いつまで授乳?

母乳育児生活も、2年3ヶ月目。きちんと3食、おやつまで食べるけど、おっぱいもしっかり飲む娘は、この春から保育園に通い始める。
二度目のこの母乳育児は、普段は特別なケアもなく、欲しがったら飲ませるという、昔ながらのスタイル。

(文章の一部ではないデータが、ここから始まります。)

lemma K_step_mono:
  assumes a: "0 \<le> a" "a \<le> 1" and c1: "1/2 \<le> c1"
    and S: "(ka, kb) \<in> K_region c1 n" "ka < n"
    and le: "\<And>s. s \<in> K_region c1 n \<Longrightarrow> f s \<le> g s"
  shows "K_step a n f (ka, kb) \<le> K_step a n g (ka, kb)"
proof -
  have bounds: "ka \<le> n" "kb \<le> n" "n \<le> ka + kb"
    using S K_region_total_ge[OF c1 S(1)] unfolding K_region_def by auto
  note p = pK_nonneg[OF a bounds(1,2)]
  have "pK_up_b a n ka kb * f (ka, kb + 1) \<le> pK_up_b a n ka kb * g (ka, kb + 1)"
  proof (cases "kb < n")
    case True
    then show ?thesis
      using p(1) le[OF K_region_steps(1)[OF c1 S True]] by (simp add: mult_left_mono)
  next
    case False
    then show ?thesis
      using bounds by (simp add: pK_up_b_def)
  qed
  moreover have "pK_up_a a n ka kb * f (ka + 1, kb) \<le> pK_up_a a n ka kb * g (ka + 1, kb)"
    using p(2) le[OF K_region_steps(2)[OF c1 S]] by (simp add: mult_left_mono)
  moreover have "pK_swap a n ka kb * f (ka + 1, kb - 1) \<le> pK_swap a n ka kb * g (ka + 1, kb - 1)"
    using p(3) le[OF K_region_steps(3)[OF c1 S]] by (simp add: mult_left_mono)
  moreover have "(1 - pK_up_b a n ka kb - pK_up_a a n ka kb - pK_swap a n ka kb) * f (ka, kb)
      \<le> (1 - pK_up_b a n ka kb - pK_up_a a n ka kb - pK_swap a n ka kb) * g (ka, kb)"
    using pK_total_le_one[OF a bounds] le[OF S(1)] by (intro mult_left_mono) auto
  ultimately show ?thesis
    by simp
qed

lemma K_surv_nonneg:
  assumes a: "0 \<le> a" "a \<le> 1" and c1: "1/2 \<le> c1"
  shows "s \<in> K_region c1 n \<Longrightarrow> 0 \<le> K_surv a n t s"
proof (induction t arbitrary: s)
  case 0
  then show ?case
    by (cases s) simp
next
  case (Suc t)
  obtain ka kb where s: "s = (ka, kb)"
    by fastforce
  show ?case
  proof (cases "ka = n")
    case False
    then have "ka < n"
      using Suc.prems s unfolding K_region_def by auto
    then have "K_step a n (\<lambda>_. 0) (ka, kb) \<le> K_step a n (K_surv a n t) (ka, kb)"
      using Suc s by (intro K_step_mono[OF a c1]) auto
    then show ?thesis
      using False s by simp
  qed (simp add: s)
qed
lemma continuous_map_h: "continuous_map A.K.mtopology B.K.mtopology h"
  unfolding A.K.metric_continuous_map[OF B.K.Metric_space_axioms]
proof (intro conjI ballI allI impI)
  show "h ` M1 \<subseteq> M2"
    using h_in_M2 by blast
  fix a and \<epsilon> :: real
  assume a: "a \<in> M1" and "\<epsilon> > 0"
  show "\<exists>\<delta>>0. \<forall>y. y \<in> M1 \<and> d1 a y < \<delta> \<longrightarrow> d2 (h a) (h y) < \<epsilon>"
  proof (cases "a \<in> P1")
    case True
    then have "openin A.K.mtopology {a}"
      by (rule peripheral_extension_openin_singleton[OF A.peripheral_extension])
    then obtain r where "r > 0" "A.K.mball a r \<subseteq> {a}"
      unfolding A.K.openin_mtopology by blast
    then show ?thesis
      using a \<open>\<epsilon> > 0\<close> h_in_M2 by (intro exI[of _ r]) auto
  next
    case False
    then obtain x0 where "x0 \<in> MX" "a = e1 x0"
      using A.image_e a by (metis DiffI imageE)
    then show ?thesis
      using h_continuous_at_e1[of x0 \<epsilon>] \<open>\<epsilon> > 0\<close> h_e1 by auto
  qed
qed

lemma homeomorphic_map_h: "homeomorphic_map A.K.mtopology B.K.mtopology h"
  using continuous_imp_homeomorphic_map[OF continuous_map_h A.compact_K B.K.Hausdorff_space_mtopology]
    bij_betw_h by (simp add: bij_betw_def)

end

theorem metric_peripheral_extensions_homeomorphic:
  assumes "metric_peripheral_extension M1 d1 MX dX P1 e1"
    and "metric_peripheral_extension M2 d2 MX dX P2 e2"
  shows "\<exists>h. homeomorphic_map (Metric_space.mtopology M1 d1) (Metric_space.mtopology M2 d2) h
    \<and> (\<forall>x\<in>MX. h (e1 x) = e2 x)"
proof -
  interpret A: metric_peripheral_extension M1 d1 MX dX P1 e1 by fact
  interpret B: metric_peripheral_extension M2 d2 MX dX P2 e2 by fact
  define matched where
    "matched p q \<longleftrightarrow> dX (B.nearest q) (A.nearest p) < max (A.gap p) (B.gap q)" for p q
  have forward: "\<exists>q\<in>P2 - F. matched p q" if "p \<in> P1" "finite F" for p F
    using B.exists_peripheral_nearest_near[OF A.nearest_in A.gap_pos] that A.P_subset
    by (force simp: matched_def less_max_iff_disj)
  have backward: "\<exists>p\<in>P1 - F. matched p q" if "q \<in> P2" "finite F" for q F
    using A.exists_peripheral_nearest_near[OF B.nearest_in B.gap_pos] that B.P_subset
    by (force simp: matched_def less_max_iff_disj A.X.commute)
  have "P1 \<noteq> {}" "P2 \<noteq> {}"
    using A.infinite_P B.infinite_P by auto
  then obtain f where "bij_betw f P1 P2" "\<And>p. p \<in> P1 \<Longrightarrow> matched p (f p)"
    using back_and_forth[OF A.countable_P B.countable_P _ _ forward backward] by blast
  then interpret matched_peripheral_extensions M1 d1 MX dX P1 e1 M2 d2 P2 e2 f
    by unfold_locales (simp_all add: matched_def)
  show ?thesis
    using homeomorphic_map_h h_e1 by blast
qed
(* Let $\rho\in\mathbb R$, let $\mathbf a=\{a_n\}_{n\ge1}$ be a sequence of non-negative real numbers, and let $\kappa_{\mathbf a}(s,u)=\sum_{n\ge1}a_nn^{-s-\bar u}$ be the diagonal Dirichlet series kernel on $\mathbb H_\rho\times\mathbb H_\rho$ with reproducing kernel Hilbert space $\mathscr H_{\mathbf a}$. Let $\mathbf b=\{b_n\}$ be an admissible sequence of real numbers with $\mathrm{supp}(\mathbf b)=\mathrm{supp}(\mathbf a)$, and for $\beta\in\mathbb R$ let $f_\beta(s)=\sum_{n\in\mathrm{supp}(\mathbf b)}n^{i\beta}b_nn^{-s}$, $s\in\mathbb H_\rho$ (convergent on $\mathbb H_\rho$). Assume $\{f_\beta:\beta\in\mathbb R\}$ is a total subset of $\mathscr H_{\mathbf a}$. Let $T$ be the linear operator with domain $\mathcal D(T)=\mathrm{span}\{f_\beta:\beta\in\mathbb R\}$ defined by $Tf_\beta=i\beta f_\beta$, extended linearly. Then $T$ is a $\mathscr T$-homogeneous operator in $\mathscr H_{\mathbf a}$. If, in addition, there exists $\delta>0$ with $\sum_{n\in\mathrm{supp}(\mathbf a)}n^{2\delta}b_n^2/a_n<\infty$, then the domain $\mathcal D(T^* )$ of the Hilbert space adjoint of $T$ is $\{0\}$.
   Context: $\mathbb H_\rho=\{\Re s>\rho\}$. $\mathscr H_{\mathbf a}$ is the Hilbert space of functions on $\mathbb H_\rho$ with $\kappa_{\mathbf a}(\cdot,t)\in\mathscr H_{\mathbf a}$ and $\langle f,\kappa_{\mathbf a}(\cdot,t)\rangle=f(t)$. A real sequence $\mathbf b$ is admissible if $\mathrm{supp}(\mathbf b)=\{n:b_n\ne0\}$ is an infinite subset of $\mathbb N$ closed under multiplication and contains $p,q\ne1$ with $\gcd(p,q)=1$. A densely defined linear operator $T$ in a complex Hilbert space $\mathcal H$ is $\mathscr T$-homogeneous if for every $c\in\mathbb R$ there is a unitary $U_c$ on $\mathcal H$ with $U_c\mathcal D(T)\subseteq\mathcal D(T)$ and $U_cTf=(T-icI)U_cf$ for all $f\in\mathcal D(T)$. *)

theory Defs
  imports "HOL-Analysis.Analysis"
begin
text \<open>In the next three proofs D = q1 + q2 - 1 and A = q1 p1 + q2 p2 + a1 are kept as atoms,
  so that the field normalisation does not see the nested denominators of s2_alpha.\<close>

lemma s2_alpha_w1_s2_alpha:
  assumes "generic_point x"
  shows "s2_alpha (w1 (s2_alpha x)) = w4 x"
proof (cases x)
  case (Pt q1 p1 q2 p2 t s a1 a2 a3 a4 a5 a6)
  note nz = generic_point_PtD[OF assms[unfolded Pt]]
  define A where "A = q1 * p1 + q2 * p2 + a1"
  define D where "D = q1 + q2 - 1"
  have "D \<noteq> 0" using nz by (simp add: D_def)
  have w1_s2_x: "w1 (s2_alpha x) = Pt (q1 / D) ((p1 - A) * D) (q2 / D) ((p2 - A) * D)
      (t / (t - 1)) (s / (s - 1)) (a1 + a5) (- a5) a3 a4 a2 a6"
    by (simp add: Pt s2_alpha_def w1_def A_def D_def Let_def)
  have "q1 / D * ((p1 - A) * D) + q2 / D * ((p2 - A) * D) + (a1 + a5)
      = q1 * (p1 - A) + q2 * (p2 - A) + (a1 + a5)"
    using \<open>D \<noteq> 0\<close> by simp
  also have "\<dots> = - A * D + a5"
    by (simp add: A_def D_def algebra_simps)
  finally have A_w1_s2_x:
    "q1 / D * ((p1 - A) * D) + q2 / D * ((p2 - A) * D) + (a1 + a5) = - A * D + a5" .
  have D_w1_s2_x: "q1 / D + q2 / D - 1 = 1 / D"
    using \<open>D \<noteq> 0\<close> by (simp add: D_def divide_simps)
  have ts_w1_s2_x: "t / (t - 1) / (t / (t - 1) - 1) = t" "s / (s - 1) / (s / (s - 1) - 1) = s"
    using nz by (simp_all add: divide_simps)
  show ?thesis
    unfolding w1_s2_x
    unfolding s2_alpha_def Let_def pt.case A_w1_s2_x D_w1_s2_x ts_w1_s2_x using nz \<open>D \<noteq> 0\<close>
    by (simp only: pt.inject Pt w4_def pt.case, intro conjI;
        simp add: D_def divide_simps; (simp add: algebra_simps)?)
qed
lemma one_plus_sin_div_cos_double_le:
  fixes \<alpha> :: real
  assumes "0 \<le> \<alpha>" "\<alpha> < 1/4"
  shows "(1 + sin (2 * \<alpha>)) / cos (2 * \<alpha>) \<le> cos \<alpha> * sqrt ((1 + 2 * \<alpha>) / (1 - 4 * \<alpha>))"
proof -
  define S where "S = sin (2 * \<alpha>)"
  have pi: "3 < pi" by (rule pi_gt3)
  have S: "0 \<le> S" "S \<le> 2 * \<alpha>" unfolding S_def using assms pi by (auto intro!: sin_ge_zero sin_x_le_x)
  have C: "0 < cos (2 * \<alpha>)" using assms pi by (intro cos_gt_zero_pi) auto
  have C_sq: "(cos (2 * \<alpha>))\<^sup>2 = (1 + S) * (1 - S)"
    unfolding S_def cos_squared_eq by (simp add: algebra_simps power2_eq_square)
  have cos_sq: "1 - \<alpha>\<^sup>2 \<le> (cos \<alpha>)\<^sup>2"
    using power_mono[OF sin_x_le_x[OF assms(1)] sin_ge_zero[of \<alpha>], of 2] assms pi
    by (simp add: cos_squared_eq)
  \<comment> \<open>after squaring, \<open>S \<le> 2\<alpha>\<close> and \<open>cos\<^sup>2 \<alpha> \<ge> 1 - \<alpha>\<^sup>2\<close> leave a polynomial inequality\<close>
  have "(1 + S) * (1 - 4 * \<alpha>) \<le> (1 - \<alpha>\<^sup>2) * (1 + 2 * \<alpha>) * (1 - S)"
  proof -
    have "(1 - \<alpha>\<^sup>2) * (1 + 2 * \<alpha>) * (1 - S) - (1 + S) * (1 - 4 * \<alpha>)
        = (2 * \<alpha> - S) * ((1 - \<alpha>\<^sup>2) * (1 + 2 * \<alpha>) + (1 - 4 * \<alpha>))
          + (1 + 2 * \<alpha>) * \<alpha> * (2 - \<alpha> + 2 * \<alpha>\<^sup>2)"
      by (simp add: algebra_simps power2_eq_square)
    moreover have "0 \<le> (2 * \<alpha> - S) * ((1 - \<alpha>\<^sup>2) * (1 + 2 * \<alpha>) + (1 - 4 * \<alpha>))"
      using S assms mult_le_one[of \<alpha> \<alpha>]
      by (intro mult_nonneg_nonneg)
        (auto simp: power2_eq_square intro!: add_nonneg_nonneg mult_nonneg_nonneg)
    moreover have "0 \<le> (1 + 2 * \<alpha>) * \<alpha> * (2 - \<alpha> + 2 * \<alpha>\<^sup>2)"
      using assms by (intro mult_nonneg_nonneg) auto
    ultimately show ?thesis by linarith
  qed
  also have "\<dots> \<le> (cos \<alpha>)\<^sup>2 * (1 + 2 * \<alpha>) * (1 - S)"
    using cos_sq S assms by (intro mult_right_mono) auto
  finally have "(1 + S) / (1 - S) \<le> (cos \<alpha>)\<^sup>2 * ((1 + 2 * \<alpha>) / (1 - 4 * \<alpha>))"
    using S assms by (simp add: field_simps)
  have "((1 + S) / cos (2 * \<alpha>))\<^sup>2 = (1 + S) * (1 + S) / ((1 + S) * (1 - S))"
    unfolding power_divide C_sq by (simp only: power2_eq_square)
  also have "\<dots> = (1 + S) / (1 - S)"
    using S by (intro mult_divide_mult_cancel_left) auto
  also have "\<dots> \<le> (cos \<alpha>)\<^sup>2 * ((1 + 2 * \<alpha>) / (1 - 4 * \<alpha>))" by fact
  also have "\<dots> = (cos \<alpha> * sqrt ((1 + 2 * \<alpha>) / (1 - 4 * \<alpha>)))\<^sup>2"
    using assms
    by (simp only: power_mult_distrib real_sqrt_pow2[of "(1 + 2 * \<alpha>) / (1 - 4 * \<alpha>)"]) simp
  finally show ?thesis
    unfolding S_def
    by (rule power2_le_imp_le) (use assms pi in \<open>auto intro!: mult_nonneg_nonneg cos_ge_zero\<close>)
qed
lemma nfold_products_0: "nfold_products A 0 = {1}"
  by (simp add: nfold_products_def)

lemma mult_mem_nfold_products_Suc:
  assumes "p \<in> nfold_products A n" and "x \<in> A"
  shows "p * x \<in> nfold_products A (Suc n)"
proof -
  obtain a where p: "p = (\<Prod>i<n. a i)" and a: "\<forall>i<n. a i \<in> A"
    using assms(1) unfolding nfold_products_def by blast
  have "(\<Prod>i<Suc n. (a(n := x)) i) = p * x"
    by (simp add: p)
  moreover have "\<forall>i<Suc n. (a(n := x)) i \<in> A" using a assms(2) by (simp add: less_Suc_eq)
  ultimately show ?thesis unfolding nfold_products_def by (auto intro!: exI[of _ "a(n := x)"])
qed

lemma mult_mem_convex_hull_times:
  fixes x y :: "'a::real_algebra"
  assumes x: "x \<in> convex hull S" and y: "y \<in> convex hull T"
  shows "x * y \<in> convex hull {s * t | s t. s \<in> S \<and> t \<in> T}"
proof -
  let ?P = "convex hull {s * t | s t. s \<in> S \<and> t \<in> T}"
  have linear_left: "linear (\<lambda>u. u * v)" and linear_right: "linear (\<lambda>u. v * u)" for v :: 'a
    by (auto intro!: linearI simp: distrib_left distrib_right)
  have "s * y \<in> ?P" if "s \<in> S" for s
  proof -
    have "s * y \<in> convex hull ((\<lambda>t. s * t) ` T)"
      using y convex_hull_linear_image[OF linear_right] by blast
    also have "\<dots> \<subseteq> ?P" using that by (intro hull_mono) blast
    finally show ?thesis .
  qed
  then have "(\<lambda>s. s * y) ` S \<subseteq> ?P" by blast
  then have "convex hull ((\<lambda>s. s * y) ` S) \<subseteq> ?P"
    by (intro hull_minimal convex_convex_hull)
  moreover have "x * y \<in> convex hull ((\<lambda>s. s * y) ` S)"
    using x convex_hull_linear_image[OF linear_left] by blast
  ultimately show ?thesis by blast
qed

lemma power_mem_convex_hull_nfold_products:
  fixes x :: "'a::{real_algebra_1, comm_monoid_mult}"
  assumes x: "x \<in> convex hull A"
  shows "x ^ n \<in> convex hull nfold_products A n"
proof (induction n)
  case 0
  show ?case by (simp add: nfold_products_0 hull_inc)
next
  case (Suc n)
  have "x ^ Suc n \<in> convex hull {p * a | p a. p \<in> nfold_products A n \<and> a \<in> A}"
    unfolding power_Suc2 by (rule mult_mem_convex_hull_times[OF Suc.IH x])
  also have "\<dots> \<subseteq> convex hull nfold_products A (Suc n)"
    by (intro hull_mono) (auto intro: mult_mem_nfold_products_Suc)
  finally show ?case .
qed

lemma prod_eq_or_eq_uminus_prod:
  fixes a b :: "nat \<Rightarrow> 'a::{ring_1, comm_monoid_mult}"
  assumes "\<forall>i<n. a i = b i \<or> a i = - b i"
  shows "(\<Prod>i<n. a i) = (\<Prod>i<n. b i) \<or> (\<Prod>i<n. a i) = - (\<Prod>i<n. b i)"
  using assms
proof (induction n)
  case (Suc n)
  then have "(\<Prod>i<n. a i) = (\<Prod>i<n. b i) \<or> (\<Prod>i<n. a i) = - (\<Prod>i<n. b i)"
    and "a n = b n \<or> a n = - b n" by simp_all
  then show ?case by auto
qed simp

lemma vec_prod_component: "(\<Prod>i\<in>I. v i) $ x = (\<Prod>i\<in>I. v i $ x)"
  by (induction I rule: infinite_finite_induct) simp_all

lemma ppow_eq_power: "ppow \<psi> m = \<psi> ^ m"
proof -
  have "(\<psi> ^ m) $ x = (\<psi> $ x) ^ m" for x
    by (induction m) simp_all
  then show ?thesis by (simp add: ppow_def vec_eq_iff)
qed

lemma dual_norm_le_on_signed_nfold_products:
  assumes bound: "\<And>fs. \<forall>i<m. fs i \<in> F \<Longrightarrow> dual_norm N (\<Prod>i<m. D (fs i)) \<le> r"
    and p_mem: "p \<in> nfold_products (D ` F \<union> uminus ` D ` F) m"
  shows "dual_norm N p \<le> r"
proof -
  obtain a where p: "p = (\<Prod>i<m. a i)" and a: "\<forall>i<m. a i \<in> D ` F \<union> uminus ` D ` F"
    using p_mem unfolding nfold_products_def by blast
  have "\<forall>i<m. \<exists>f. f \<in> F \<and> (a i = D f \<or> a i = - D f)" using a by blast
  then obtain fs where fs: "\<forall>i<m. fs i \<in> F \<and> (a i = D (fs i) \<or> a i = - D (fs i))"
    by metis
  then have "p = (\<Prod>i<m. D (fs i)) \<or> p = - (\<Prod>i<m. D (fs i))"
    unfolding p by (intro prod_eq_or_eq_uminus_prod) blast
  moreover have "dual_norm N (\<Prod>i<m. D (fs i)) \<le> r" using fs bound by blast
  ultimately show ?thesis by (auto simp: dual_norm_uminus)
qed

theorem mainTheorem16:
  fixes N :: "real^'g \<Rightarrow> real" and F :: "(real^'g) set"
    and c :: "real \<Rightarrow> real" and C :: "nat \<Rightarrow> real" and D :: "real^'g \<Rightarrow> real^'g"
    and \<psi> :: "real^'g" and m :: nat
  assumes "is_norm N" and "convex F" and "compact F"
    and "quasi_algebra_predual N F c C D"
    and "dual_norm (bac_norm F D) \<psi> \<le> 1"
    and "m \<ge> 1"
  shows "dual_norm N (ppow \<psi> m) \<le> C m"
proof -
  have "(\<chi> x. \<Prod>i<m. D (fs i) $ x) = (\<Prod>i<m. D (fs i))" for fs
    by (simp add: vec_eq_iff vec_prod_component)
  then have products_bound: "\<And>fs. \<forall>i<m. fs i \<in> F \<Longrightarrow> dual_norm N (\<Prod>i<m. D (fs i)) \<le> C m"
    and DF: "compact (D ` F)" "span (D ` F) = UNIV"
    using assms(4,6) unfolding quasi_algebra_predual_def by auto
  have "\<psi> ^ m \<in> convex hull nfold_products (D ` F \<union> uminus ` D ` F) m"
    using in_convex_hull_if_dual_bac_norm_le_1[OF DF assms(5)]
    by (rule power_mem_convex_hull_nfold_products)
  moreover have "\<forall>p \<in> nfold_products (D ` F \<union> uminus ` D ` F) m. dual_norm N p \<le> C m"
    by (intro ballI dual_norm_le_on_signed_nfold_products[OF products_bound])
  ultimately have "dual_norm N (\<psi> ^ m) \<le> C m"
    using convex_on_convex_hull_bound convex_on_subset[OF convex_on_dual_norm[OF assms(1)]] by blast
  then show ?thesis by (simp add: ppow_eq_power)
qed

end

長女の時のように、「おっぱいが猫になっちゃった!」とキッパリ断乳する予定もなく、本人も、まさか大好きなおっぱいが飲めなくなるとは微塵も思っていないでしょう。「もういらない」と子ども自身が言う日まで、飲める時は飲んだらいいやん、とぼんやり考えています。ところが、保育園入園が決まった頃から、チラホラ聞こえてくる言葉

「そろそろおっぱいも終わりにしないとね」


娘も私もキョトンとして、その言葉の意味を考える。園の生活が始まったらおっぱいサヨナラしなくちゃダメ? 涙 私、保育園ではオッパイ!オッパイ!と欲しがったりしないよー、だったママいないんだもん。だけど朝と寝る時は一緒なんだから、オッパイオッパイって欲しがってもいいよね…? 私寝る時オッパイがないと悲しいわ。毛布の角をかじって眠らなくちゃいけないなんて、そんなのイヤだわ悲しい
たぶん私が娘だったら、こんな風に思うだろうなー、と思う。そして、「いいよ、いいよ、昼間は一緒じゃないから無理だけど、一緒の時は飲んでもいいんよ。バイバイできそうな時がきたら教えてね。」と、私は思っている。

「生後6ヶ月から離乳食を始め、1歳には授乳もやめましょう」というようなニッポンの育児の常識からみたら、2歳も過ぎて体重10kg超える幼児が母の乳を吸っている姿は、不思議な光景かもしれない。こういう自然な育児や暮らし方をしてきた中で、今までも様々な世間とのギャップに遭遇して、それなりに上手く折り合いをつけて共存してきた。「そろそろおっぱい終わりにしないとね」の周囲のササヤキを聞くと、また世間と私の価値観の違いを改めて知る。あーそうか、やめないといけないものなのか、と。母乳育児、これを機会に終わりにできたらさぞ楽だろうなーと共感もする。子どもも、私がおっぱいを与えなければ、意外とすんなり諦めるかもしれない。

だけど、だけどね、次の出産を皆目検討していない私にとって、この母乳育児は人生最後の母乳育児。終わったらもう二度と「子どもへ乳を与える」という母にしかできない営みができない。そう思うと正直とっても寂しい。
長女は「断乳」という形で、子どもには有無を言わせず、ある日突然一方的に母乳育児を終わらせた。後にその方法が本当に良かったのかどうか疑問が残った。だから今回は、母も子もお互いに納得いく形で、人生最後の母乳育児を終わらせたいと思う。

だから、「そろそろ終わりにしないとね」のササヤキに、あっさり従う潔さは…ない。
07:25 | ●子育て 母乳育児 | comments (1) | trackbacks (0) | page top↑

母乳育児の犬

2.10 015

授乳中の犬の親子ぬいぐるみです。子犬は母犬に縫い付けられていて、持ち上げたって「乳首を離さないわ!」となっています。これは、長女の完全母乳育児が終了した時、義母が私に贈ってくれた深い思い出の品です。

初めての子どもを育てる際に、私は完全母乳で育てたいという強い思いがありました。だけど右も左も分からない母親1年生だったので、「母乳育児と言えば桶谷式」と、夫の実家近くにある、桶谷では老舗・京都の池上先生にお世話になっていました。生後10日から断乳する1歳4ヶ月まで、月に1〜2回必ず伺って乳房マッサージを受け、その帰りに実家へ孫の顔見せに立ち寄る、というリズムでした。

ほにゃほにゃの新生児を連れて、バスや電車を乗り継いで大阪から京都まで行くのは結構大変で、今思うとよくやってたなーと思います。池上先生の帰りに一泊する実家では、義母がいつも、母乳に影響しない京のおばんざい的なお料理を作ってくれました。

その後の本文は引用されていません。